_What this task involves_
For each line of the data below, copy it if it holds the word "forall".

• • • • • • •

lemma has_local_dim_half: "has_local_dim M (1 / 2) (log 3 (16 / 5))"
proof -
  define S where "S = measure M (cball (1 / 2) (1 / 3)) + measure M (cball (3 / 2) (1 / 3))"
  have "S > 0" using measure_cball_half_pos measure_nonneg[of M] by (simp add: S_def add_pos_nonneg)
  have "S \<le> 2"
    using prob_le_1[of "cball (1 / 2) (1 / 3)"] prob_le_1[of "cball (3 / 2) (1 / 3)"]
    unfolding S_def by linarith
  have "S / 16 * (5 / 16) ^ n \<le> measure M (cball (1 / 2) (1 / 9 / 3 ^ n)) \<and>
    measure M (cball (1 / 2) (1 / 9 / 3 ^ n)) \<le> 2 * (5 / 16) ^ n" for n
  proof -
    define a where "a = measure M (cball (1 / 2) (1 / 3 / 3 ^ n))"
    define b where "b = measure M (cball (3 / 2) (1 / 3 / 3 ^ n))"
    have "1 / 3 / 3 ^ n < (1 / 2 :: real)"
      by (rule le_less_trans[of _ "1 / 3"]) (simp_all add: divide_le_eq)
    then have "16 * measure M (cball (1 / 2) (1 / 9 / 3 ^ n)) = 4 * a + b"
      using measure_cball_one_third(1)[of "1 / 3 / 3 ^ n"] by (simp add: a_def b_def)
    moreover define P where "P = (5 / 16 :: real) ^ n"
    have "a + b = P * S"
      using measure_cball_half_sum by (simp add: S_def a_def b_def P_def)
    moreover have "P * S \<le> P * 2" "0 \<le> P" using \<open>S \<le> 2\<close> by (simp_all add: P_def)
    moreover have "0 \<le> a" "0 \<le> b" by (simp_all add: a_def b_def)
    ultimately have "P * S \<le> 16 * measure M (cball (1 / 2) (1 / 9 / 3 ^ n)) \<and>
      measure M (cball (1 / 2) (1 / 9 / 3 ^ n)) \<le> 2 * P"
      by (intro conjI) linarith+
    then show ?thesis by (simp add: P_def mult.commute)
  qed
  then have "has_local_dim M (1 / 2) (log 3 (1 / (5 / 16)))"
    using \<open>S > 0\<close>
      by (intro has_local_dim_of_geometric_bounds[where b = 3 and s = "1 / 9" and C = "S / 16"
        and D = 2] finite_measure_M) auto
  then show ?thesis by simp
qed

lemma measure_cball_1_ge:
  assumes "0 \<le> t" "t \<le> 2"
  shows "1 / 16 \<le> measure M (cball t 1)"
proof -
  have "(\<lambda>a. 3 * a - real 0) ` cball (1 / 2) (1 / 2) = cball (3 / 2) (3 / 2)"
    "(\<lambda>a. 3 * a - real 4) ` cball (3 / 2) (1 / 2) = cball (1 / 2) (3 / 2)"
    using affine_image_cball[of 3 "real 0" "1 / 2" "1 / 2"]
      affine_image_cball[of 3 "real 4" "3 / 2" "1 / 2"]
    by simp_all
  moreover have "measure M (cball (3 / 2) (3 / 2)) = 1"
    by (intro measure_eq_1_of_hull_subset) (auto simp: dist_real_def abs_if)
  moreover have "measure M (cball (1 / 2) (3 / 2)) = 1"
    by (intro measure_eq_1_of_hull_subset) (auto simp: dist_real_def abs_if)
  ultimately have half: "1 / 16 \<le> measure M (cball (1 / 2) (1 / 2))"
    "1 / 16 \<le> measure M (cball (3 / 2) (1 / 2))"
    using measure_ge_component[of "cball (1 / 2) (1 / 2)" 0]
      measure_ge_component[of "cball (3 / 2) (1 / 2)" 4] by (simp_all add: binomial_4)
  have mono: "measure M (cball c (1 / 2)) \<le> measure M (cball t 1)" if "\<bar>t - c\<bar> \<le> 1 / 2" for c
    using that by (intro finite_measure_mono)
      (simp_all add: cball_subset_cball_iff dist_real_def abs_minus_commute)
  show ?thesis
  proof (cases "t \<le> 1")
    case True
    then have "\<bar>t - 1 / 2\<bar> \<le> 1 / 2" unfolding abs_le_iff using assms by simp
    then show ?thesis using half(1) mono by fastforce
  next
    case False
    then have "\<bar>t - 3 / 2\<bar> \<le> 1 / 2" unfolding abs_le_iff using assms by simp
    then show ?thesis using half(2) mono by fastforce
  qed
qed

lemma measure_cball_middle_ge:
  assumes y: "1 / 2 \<le> y" "y \<le> 3 / 2"
  shows "(5 / 16) ^ n / 16 \<le> measure M (cball y (1 / 3 ^ n))"
proof (cases "n = 0")
  case True
  then show ?thesis using measure_cball_1_ge[of y] y by simp
next
  case False
  define N :: real where "N = 3 ^ n"
  have "(3::real) ^ 1 \<le> 3 ^ n" using False by (intro power_increasing) auto
  then have "3 \<le> N" by (simp add: N_def)
  define k where "k = nat \<lfloor>N * y\<rfloor>"
  have k: "real k \<le> N * y" "N * y < real k + 1"
    using y \<open>3 \<le> N\<close> by (simp_all add: k_def)
  have c: "2 * real (center_index n) + 1 = N" "2 * real (center_index (Suc n)) + 1 = 3 * N"
    using arg_cong[OF center_index_eq[of n], of real]
      arg_cong[OF center_index_eq[of "Suc n"], of real]
    by (simp_all add: N_def)
  have "N / 2 \<le> N * y" "N * y \<le> 3 * N / 2" using y \<open>3 \<le> N\<close> by simp_all
  then have window: "center_index n \<le> k" "k \<le> center_index (Suc n)" "0 < real k"
    using k c \<open>3 \<le> N\<close> by linarith+
  then obtain j where j: "k = Suc j" by (cases k) auto
  have img: "(\<lambda>a. 3 ^ n * a - real i) ` cball y (1 / 3 ^ n) = cball (N * y - real i) 1" for i
    using affine_image_cball[of "3 ^ n" "real i" y "1 / 3 ^ n"] by (simp add: N_def)
  have "(5 / 16) ^ n / 16 \<le> (conv4_weight n j + conv4_weight n (Suc j)) / 16"
    using conv4_weight_pair_sum_ge[of n j] window j by simp
  also have "\<dots> \<le> conv4_weight n j * measure M (cball (N * y - real j) 1)
      + conv4_weight n (Suc j) * measure M (cball (N * y - real (Suc j)) 1)"
  proof -
    have "1 / 16 \<le> measure M (cball (N * y - real j) 1)"
      "1 / 16 \<le> measure M (cball (N * y - real (Suc j)) 1)"
      using k j by (intro measure_cball_1_ge; simp)+
    then have
      "conv4_weight n j * (1 / 16) \<le> conv4_weight n j * measure M (cball (N * y - real j) 1)"
      "conv4_weight n (Suc j) * (1 / 16)
        \<le> conv4_weight n (Suc j) * measure M (cball (N * y - real (Suc j)) 1)"
      by (intro mult_left_mono iterated_weight_nonneg; simp)+
    then show ?thesis by simp
  qed
  also have "\<dots> \<le> measure M (cball y (1 / 3 ^ n))"
    using sum_iterated_le_measure[of "cball y (1 / 3 ^ n)" "{j, Suc j}" n] by (simp add: img)
  finally show ?thesis .
qed

(* The map a \<mapsto> 3a (resp. 3a - 4) pushes a point away from 0 (resp. 2), and a point of
   [1/2, 3/2] is sent back into [1/2, 3/2] by one of the middle maps; each step costs a
   factor p_i \<ge> 1/16. *)
lemma measure_cball_zoom_to_middle:
  assumes "1 / (2 * 3 ^ m) \<le> x" "x \<le> 2 - 1 / (2 * 3 ^ m)"
  shows "\<exists>y\<in>{1 / 2..3 / 2}. \<forall>r\<ge>0.
    (1 / 16) ^ m * measure M (cball y r) \<le> measure M (cball x (r / 3 ^ m))"
  using assms
proof (induction m arbitrary: x)
  case (Suc m)
  define e :: real where "e = 1 / (2 * 3 ^ m)"
  have "e \<le> 1 / 2" by (simp add: e_def)
  have x: "e / 3 \<le> x" "x \<le> 2 - e / 3" using Suc.prems by (simp_all add: e_def)
  obtain i :: nat where i: "i \<le> 4" "e \<le> 3 * x - i" "3 * x - i \<le> 2 - e"
    using ex_digit_into_window[OF \<open>e \<le> 1 / 2\<close> x] .
  then obtain y where y: "y \<in> {1 / 2..3 / 2}"
    and zoom: "\<And>r. 0 \<le> r \<Longrightarrow>
      (1 / 16) ^ m * measure M (cball y r) \<le> measure M (cball (3 * x - i) (r / 3 ^ m))"
    using Suc.IH[of "3 * x - i"] by (auto simp: e_def)
  have "(1 / 16) ^ Suc m * measure M (cball y r) \<le> measure M (cball x (r / 3 ^ Suc m))"
    if "0 \<le> r" for r
  proof -
    have img: "(\<lambda>a. real 3 * a - real i) ` cball x (r / 3 ^ Suc m) = cball (3 * x - i) (r / 3 ^ m)"
      using affine_image_cball[of 3 "real i" x "r / 3 ^ Suc m"] by simp
    have "(1 / 16) ^ Suc m * measure M (cball y r)
        \<le> 1 / 16 * measure M (cball (3 * x - i) (r / 3 ^ m))"
      using zoom[OF that] by simp
    also have "\<dots> \<le> real (4 choose i) / 16 * measure M (cball (3 * x - i) (r / 3 ^ m))"
      using i(1) by (intro mult_right_mono) (simp_all add: Suc_leI)
    also have "\<dots> \<le> measure M (cball x (r / 3 ^ Suc m))"
      using measure_ge_component[OF _ i(1), of "cball x (r / 3 ^ Suc m)", unfolded img] by simp
    finally show ?thesis .
  qed
  with y show ?case by blast
qed auto

lemma measure_cball_interior_ge:
  assumes "0 < x" "x < 2"
  obtains C where "C > 0" "\<And>n. C * (5 / 16) ^ n \<le> measure M (cball x (1 / 3 ^ n))"
proof -
  obtain m where "(1 / 3) ^ m < 2 * min x (2 - x)"
    using real_arch_pow_inv[of "2 * min x (2 - x)" "1 / 3"] assms by auto
  moreover have "1 / (2 * 3 ^ m) = (1 / 3 :: real) ^ m / 2" by (simp add: power_one_over)
  ultimately have "1 / (2 * 3 ^ m) \<le> x" "x \<le> 2 - 1 / (2 * 3 ^ m)"
    by (simp_all add: min_def split: if_splits)
  then obtain y where "y \<in> {1 / 2..3 / 2}"
    and zoom: "\<forall>r\<ge>0. (1 / 16) ^ m * measure M (cball y r) \<le> measure M (cball x (r / 3 ^ m))"
    using measure_cball_zoom_to_middle by blast
  then have y: "1 / 2 \<le> y" "y \<le> 3 / 2" by simp_all
  show thesis
  proof (rule that[of "(1 / 16) ^ m / 16"])
    fix n
    have "(1 / 16) ^ m / 16 * (5 / 16) ^ n \<le> (1 / 16) ^ m * measure M (cball y (1 / 3 ^ n))"
      using measure_cball_middle_ge[OF y, of n] by (simp add: mult_left_mono)
    also have "\<dots> \<le> measure M (cball x (1 / 3 ^ n / 3 ^ m))"
      using zoom[rule_format, of "1 / 3 ^ n"] by simp
    also have "\<dots> \<le> measure M (cball x (1 / 3 ^ n))"
      by (intro measure_cball_mono finite_measure_M sets_M) (simp add: divide_le_eq)
    finally show "(1 / 16) ^ m / 16 * (5 / 16) ^ n \<le> measure M (cball x (1 / 3 ^ n))" .
  qed simp
qed

lemma local_dim_interior_le:
  assumes "0 < x" "x < 2" "has_local_dim M x a"
  shows "a \<le> log 3 (16 / 5)"
proof -
  obtain C where "C > 0" "\<And>n. C * (5 / 16) ^ n \<le> measure M (cball x (1 / 3 ^ n))"
    using measure_cball_interior_ge[OF assms(1,2)] by blast
  then have "a \<le> log 3 (1 / (5 / 16))"
    using assms(3) by (intro local_dim_le_of_geometric_lower[where b = 3 and s = 1 and C = C]
        finite_measure_M sets_M) auto
  then show ?thesis by simp
qed

lemma local_dim_le:
  assumes "x \<in> msupp M" "has_local_dim M x a" "a \<noteq> log 3 16"
  shows "a \<le> log 3 (16 / 5)"
proof -
  have "has_local_dim M 0 (log 3 16)" "has_local_dim M 2 (log 3 16)"
    using has_local_dim_end[of 0 0] has_local_dim_end[of 2 4] by (simp_all add: binomial_4)
  then have "x \<noteq> 0" "x \<noteq> 2" using assms(2,3) has_local_dim_unique by blast+
  moreover have "0 \<le> x" "x \<le> 2" using assms(1) msupp_subset_hull by auto
  ultimately have "0 < x" "x < 2" by (auto simp: less_le)
  then show ?thesis using local_dim_interior_le assms(2) by blast
qed

lemma half_in_msupp: "1 / 2 \<in> msupp M"
  unfolding msupp_def
proof (intro CollectI allI impI)
  fix r :: real assume "r > 0"
  then obtain n where "(1 / 3) ^ n < r" using real_arch_pow_inv[of r "1 / 3"] by auto
  then have "(5 / 16) ^ n / 16 \<le> measure M (cball (1 / 2) r)"
    using measure_cball_middle_ge[of "1 / 2" n]
      measure_cball_mono[OF finite_measure_M sets_M, of "1 / 3 ^ n" r "1 / 2"]
    by (simp add: power_one_over)
  moreover have "0 < (5 / 16 :: real) ^ n / 16" by simp
  ultimately have "0 < measure M (cball (1 / 2) r)" by linarith
  then show "emeasure M (cball (1 / 2) r) > 0" by (simp add: emeasure_eq_measure)
qed

end

lemma log_3_16: "log 3 16 = 4 * ln 2 / ln (3::real)"
  using ln_realpow[of 2 4] by (simp add: log_def)

theorem lemma20:
  fixes M :: "real measure"
  assumes "self_similar_measure 3 4 (\<lambda>i. real (4 choose i) / 16) M"
  shows "Sup (local_dims M - {4 * ln 2 / ln 3}) = ln (16 / 5) / ln 3
         \<and> 1 / 2 \<in> msupp M
         \<and> has_local_dim M (1 / 2) (ln (16 / 5) / ln 3)"
proof -
  interpret cantor_conv4 M by unfold_locales (rule assms)
  have "log 3 (16 / 5) \<noteq> log 3 (16 :: real)" by (simp add: log_def)
  then have max: "log 3 (16 / 5) \<in> local_dims M - {log 3 16}"
    using has_local_dim_half half_in_msupp by (auto simp: local_dims_def)
  then have "Sup (local_dims M - {log 3 16}) = log 3 (16 / 5)"
    using local_dim_le by (intro cSup_eq_maximum) (auto simp: local_dims_def)
  then show ?thesis
    using has_local_dim_half half_in_msupp by (simp only: log_3_16) (simp add: log_def)
qed

end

• • • • • • •

_Result of the exercise_
  shows "\<exists>y\<in>{1 / 2..3 / 2}. \<forall>r\<ge>0.
    and zoom: "\<forall>r\<ge>0. (1 / 16) ^ m * measure M (cball y r) \<le> measure M (cball x (r / 3 ^ m))"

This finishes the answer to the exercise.